One thing I have never heard much said about in the domaining industry is the phenomenon of parking page blindness. I.e as parking pages become more profound they are starting to get more and more ignored by users. When we look at how parking earnings declined over the last two years, the major factor behind it is the fall of CPC’s (and everybody is well aware of this). However CTR’s have also declined in this period, which has also contributed to the fall of earnings.There seems to be less of an awareness of declining CTR’s in the industry.

It is likely that the cause behind this is what I am call parking page blindness. As people get more accustomed to landing on parking pages, a large part of them immediately understand that they will bring little value to them and leave, costing us, domainers, a lot of money.

Since I am a big data junkie, I have found that there is an inverse relationship between socio-economic development and click rates on parked pages. I.e countries that are less economically developed and hence it is likely that the internet population has not been online as long as their counterparts in the western world, they have also less experience with dealing with parked pages.
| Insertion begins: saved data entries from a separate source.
(* As an abelian group, $H=F[1/t]$ is free.
   Context: $F\subseteq\mathbb{Q}[t]$ is the ring of numerical polynomials (polynomials $f$ with $f(n)\in\mathbb{Z}$ for all integers $n\gg0$), and $H=F[1/t]$ is its localization at $t$, viewed as a subring of $\mathbb{Q}[t,1/t]$. *)

theory Defs
  imports "HOL-Computational_Algebra.Computational_Algebra" "HOL-Computational_Algebra.Polynomial_FPS"
begin

definition numerical_polys :: "rat poly set" where
  "numerical_polys = {f. \<exists>N::int. \<forall>n::int. n \<ge> N \<longrightarrow> poly f (of_int n) \<in> \<int>}"

definition laurent_of_poly :: "rat poly \<Rightarrow> rat fls" where
  "laurent_of_poly p = fps_to_fls (fps_of_poly p)"

text \<open>H = F[1/t] as a subring of Q[t,1/t]: elements f * t^(-k) with f in F.\<close>
definition H_ring :: "rat fls set" where
  "H_ring = {laurent_of_poly f * fls_X_inv ^ k | f k. f \<in> numerical_polys}"

definition zspan :: "'a::comm_ring_1 set \<Rightarrow> 'a set" where
  "zspan B = {\<Sum>b\<in>S. of_int (c b) * b | S c. finite S \<and> S \<subseteq> B}"

definition zindependent :: "'a::comm_ring_1 set \<Rightarrow> bool" where
  "zindependent B \<longleftrightarrow> (\<forall>S c. finite S \<and> S \<subseteq> B \<and> (\<Sum>b\<in>S. of_int (c b) * b) = 0 \<longrightarrow> (\<forall>b\<in>S. c b = (0::int)))"

definition free_abelian :: "'a::comm_ring_1 set \<Rightarrow> bool" where
  "free_abelian A \<longleftrightarrow> (\<exists>B. B \<subseteq> A \<and> zindependent B \<and> zspan B = A)"

end

theory Submission
  imports Defs "HOL-Library.Nat_Bijection"
begin

(* An element of H is a Laurent polynomial, so it is determined by its coefficients. Enumerate
   the exponents as j_0, j_1, ... and let H_n consist of the elements supported on {j_0, ..., j_n}.
   The coefficient at j_n maps H_n into Q with kernel H_(n-1); its image has bounded denominators,
   hence is cyclic, and lifting generators of these images gives a triangular Z-basis of H.

   Bounded denominators: write h = f / t^k with f integer valued at large integers and h supported
   on a finite set J. For s large, the values h(b^(s+i)) lie in Z[1/b] whatever k is, and the
   combination of them given by the coefficients of prod_(r in J - {e}) (X - b^r) is the coefficient
   of h at e times a nonzero constant. Doing this for b = 2 and b = 3 bounds the denominator. *)

section \<open>Integer spans\<close>

lemma zspan_zero: "0 \<in> zspan B"
  unfolding zspan_def by (intro CollectI exI[of _ "{}"]) auto

lemma zspan_base: "b \<in> B \<Longrightarrow> b \<in> zspan B"
  unfolding zspan_def by (intro CollectI exI[of _ "{b}"] exI[of _ "\<lambda>_. 1"]) auto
Hence they are more likely to click. For example I have found that traffic coming from certain african countries can generate 3x the amount of clicks than, say, the same amount of western european traffic.Although CPC’s are much lower in Africa, the extra amount of clicks can even make the RPM higher than in certain west european countries.

The whole concept of parking page blindness is obviously a big threat to the domaining industry. However there are obviously ways how to fight it such as making parked pages more stickier, introducing display advertising which is generally sold on a CPM basis, bringing in zero-click etc. I hope the parking companies are aware of this.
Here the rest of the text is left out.